### YOUR TASK
Whenever a line in the entries below contains "last", copy that line.

### TASK INPUTS
[Start of Attachment]

lemma grown_absorber_edges:
  assumes q: "grown_by admissible q" "length q = 4 * s"
  shows "{x, q ! 0, q ! 1} \<in> E" "{q ! 1, x, q ! 2} \<in> E" "{x, q ! 0, q ! 3} \<in> E"
    and "Suc m < s \<Longrightarrow> {q ! (4 * m + 2), q ! (4 * m + 1), q ! (4 * Suc m)} \<in> E"
    and "Suc m < s \<Longrightarrow> {q ! (4 * m), q ! (4 * m + 3), q ! (4 * Suc m + 1)} \<in> E"
    and "Suc m < s \<Longrightarrow> {q ! (4 * Suc m + 1), q ! (4 * m), q ! (4 * Suc m + 2)} \<in> E"
    and "Suc m < s \<Longrightarrow> {q ! (4 * m + 1), q ! (4 * Suc m), q ! (4 * Suc m + 3)} \<in> E"
    and "Suc (Suc m) = s \<Longrightarrow> {q ! (4 * Suc m + 1), q ! (4 * Suc m), q ! (4 * Suc m + 2)} \<in> E"
    and "Suc (Suc m) = s \<Longrightarrow> {q ! (4 * Suc m + 1), q ! (4 * Suc m), q ! (4 * Suc m + 3)} \<in> E"
proof -
  have edge: "{a, b, q ! k} \<in> E" if "(a, b) \<in> anchors s x (take k q)" "k < 4 * s" for a b k
    using grown_admissible_nth(4)[OF q(1)] that q(2) by simp
  have "4 \<le> 4 * s"
    using s_ge_2 by simp
  then show "{x, q ! 0, q ! 1} \<in> E" "{q ! 1, x, q ! 2} \<in> E" "{x, q ! 0, q ! 3} \<in> E"
    using edge[of x "q ! 0" 1] edge[of "q ! 1" x 2] edge[of x "q ! 0" 3]
      anchors_first_block[OF s_ge_2] q(2)
    by auto
  show "{q ! (4 * m + 2), q ! (4 * m + 1), q ! (4 * Suc m)} \<in> E"
    and "{q ! (4 * m), q ! (4 * m + 3), q ! (4 * Suc m + 1)} \<in> E"
    and "{q ! (4 * Suc m + 1), q ! (4 * m), q ! (4 * Suc m + 2)} \<in> E"
    and "{q ! (4 * m + 1), q ! (4 * Suc m), q ! (4 * Suc m + 3)} \<in> E"
    if "Suc m < s"
    using that edge anchors_later_block q(2)
    by auto
  show "{q ! (4 * Suc m + 1), q ! (4 * Suc m), q ! (4 * Suc m + 2)} \<in> E"
    and "{q ! (4 * Suc m + 1), q ! (4 * Suc m), q ! (4 * Suc m + 3)} \<in> E"
    if "Suc (Suc m) = s"
    using that edge anchors_later_block q(2)
    by auto
qed

lemma absorber_reorder_grown:
  assumes q: "grown_by admissible q" "length q = 4 * s"
  shows "absorber E n \<alpha> x (reorder q)"
proof -
  let ?a = "reorder q"
  have dist: "distinct (x # q)"
    using grown_admissible_distinct[OF q(1)] grown_admissible_nth(2)[OF q(1)]
    by (auto simp: in_set_conv_nth)
  have ne [simp]: "q ! j = q ! k \<longleftrightarrow> j = k" if "j < 4 * s" "k < 4 * s" for j k
    using dist that q(2) by (simp add: nth_eq_iff_index_eq)
  have nx [simp]: "q ! j \<noteq> x" "x \<noteq> q ! j" if "j < 4 * s" for j
    using dist that q(2) by (auto simp: in_set_conv_nth)
  have "4 * 0 + 3 < length q"
    using q(2) s_ge_2 by simp
  from reorder_nth[OF this]
  have "?a ! 0 = q ! 2" "?a ! 1 = q ! 1" "?a ! 2 = q ! 0" "?a ! 3 = q ! 3"
    by (simp_all add: numeral_2_eq_2)
  then have first: "tight_path E [?a ! 0, ?a ! 1, x, ?a ! 2, ?a ! 3]"
    using grown_absorber_edges(1-3)[OF q] s_ge_2 by (simp add: tight_path_5 insert_commute)
  have middle:
    "tight_path E [?a ! (4 * i), ?a ! (4 * i + 1), ?a ! (4 * (i + 1) + 2), ?a ! (4 * (i + 1) + 3)] \<and>
     tight_path E [?a ! (4 * (i + 1)), ?a ! (4 * (i + 1) + 1), ?a ! (4 * i + 2), ?a ! (4 * i + 3)]"
    if "i + 1 < s" for i
  proof -
    have "4 * i + 3 < length q" "4 * Suc i + 3 < length q"
      using that q(2) by simp_all
    then show ?thesis
      using reorder_nth[of i q] reorder_nth[of "Suc i" q] grown_absorber_edges(4-7)[OF q, of i] that
      by (simp add: tight_path_4 insert_commute)
  qed
  obtain m where m: "s = Suc (Suc m)"
    using s_ge_2 by (metis add_2_eq_Suc le_Suc_ex)
  have last:
    "tight_path E [?a ! (4 * (s - 1)), ?a ! (4 * (s - 1) + 1), ?a ! (4 * (s - 1) + 2), ?a ! (4 * (s - 1) + 3)]"
  proof -
    have "4 * Suc m + 3 < length q"
      using m q(2) by simp
    then show ?thesis
      using reorder_nth[of "Suc m" q] grown_absorber_edges(8,9)[OF q, of m] m
      by (simp add: tight_path_4 insert_commute)
  qed
  have "set q \<subseteq> {1..n}"
    using grown_admissible_nth(1)[OF q(1)] by (auto simp: in_set_conv_nth)
  then show ?thesis
    unfolding absorber_def Let_def s_of_alpha
    using first middle last dist q(2) by simp
qed

lemma card_absorbers_ge:
  "(\<alpha> * real n / 3) ^ (4 * s_of \<alpha>) \<le> real (card {a. absorber E n \<alpha> x a \<and> set a \<subseteq> {1..n} - R})"
proof -
  let ?G = "{q. length q = 4 * s \<and> grown_by admissible q}"
  have "(\<alpha> * real n / 3) ^ (4 * s) \<le> real (card ?G)"
    using alpha_pos card_admissible_ge finite_admissible by (intro card_grown_lists_ge) auto
  also have "card ?G = card (reorder ` ?G)"
    by (rule card_image[symmetric]) (rule inj_on_subset[OF inj_reorder], simp)
  also have "\<dots> \<le> card {a. absorber E n \<alpha> x a \<and> set a \<subseteq> {1..n} - R}"
  proof (rule card_mono)
    have "{a. absorber E n \<alpha> x a \<and> set a \<subseteq> {1..n} - R} \<subseteq> {a. set a \<subseteq> {1..n} \<and> length a = 4 * s}"
      by (auto simp: absorber_def Let_def s_of_alpha)
    then show "finite {a. absorber E n \<alpha> x a \<and> set a \<subseteq> {1..n} - R}"
      by (rule finite_subset) (simp add: finite_lists_length_eq)
    show "reorder ` ?G \<subseteq> {a. absorber E n \<alpha> x a \<and> set a \<subseteq> {1..n} - R}"
      using absorber_reorder_grown grown_admissible_nth(1) by (force simp: in_set_conv_nth)
  qed
  finally show ?thesis
    by (simp add: s_of_alpha)
qed

end

lemma card_absorbers_ge_if_large:
  fixes \<alpha> :: real and k :: nat
  assumes "three_graph n E"
    and "\<forall>i\<in>{1..n}. \<forall>j\<in>{1..n}. i \<noteq> j \<longrightarrow>
      min (min (real i) (real j)) (real n / 2) + \<alpha> * real n \<le> real (pair_deg E i j)"
    and "R \<subseteq> {1..n}" "real (card R) \<le> \<alpha> * real n / 16"
    and "0 < \<alpha>" "\<alpha> \<le> 1" "\<alpha> * real k = 1" "12 * (1 + 8 * k) * k \<le> n" "x \<in> {1..n}"
  shows "(\<alpha> * real n / 3) ^ (4 * s_of \<alpha>) \<le> real (card {a. absorber E n \<alpha> x a \<and> set a \<subseteq> {1..n} - R})"
proof -
  have "12 * (1 + 4 * real (2 * k)) = 12 * (1 + 8 * real k) * (\<alpha> * real k)"
    using assms(7) by simp
  also have "\<dots> = \<alpha> * real (12 * (1 + 8 * k) * k)"
    by (simp add: algebra_simps)
  also have "\<dots> \<le> \<alpha> * real n"
    using assms(5,8) by (intro mult_left_mono of_nat_mono) simp_all
  finally have "12 * (1 + 4 * real (2 * k)) \<le> \<alpha> * real n" .
  moreover have "real (2 * k) * \<alpha> = 2"
    using assms(7) by (simp add: algebra_simps)
  ultimately interpret absorber_construction E n \<alpha> R "2 * k" x
    using assms by unfold_locales auto
  show ?thesis
    by (rule card_absorbers_ge)
qed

[End of Attachment]

### OUTPUT FOR THIS EXERCISE
  have last:
    using first middle last dist q(2) by simp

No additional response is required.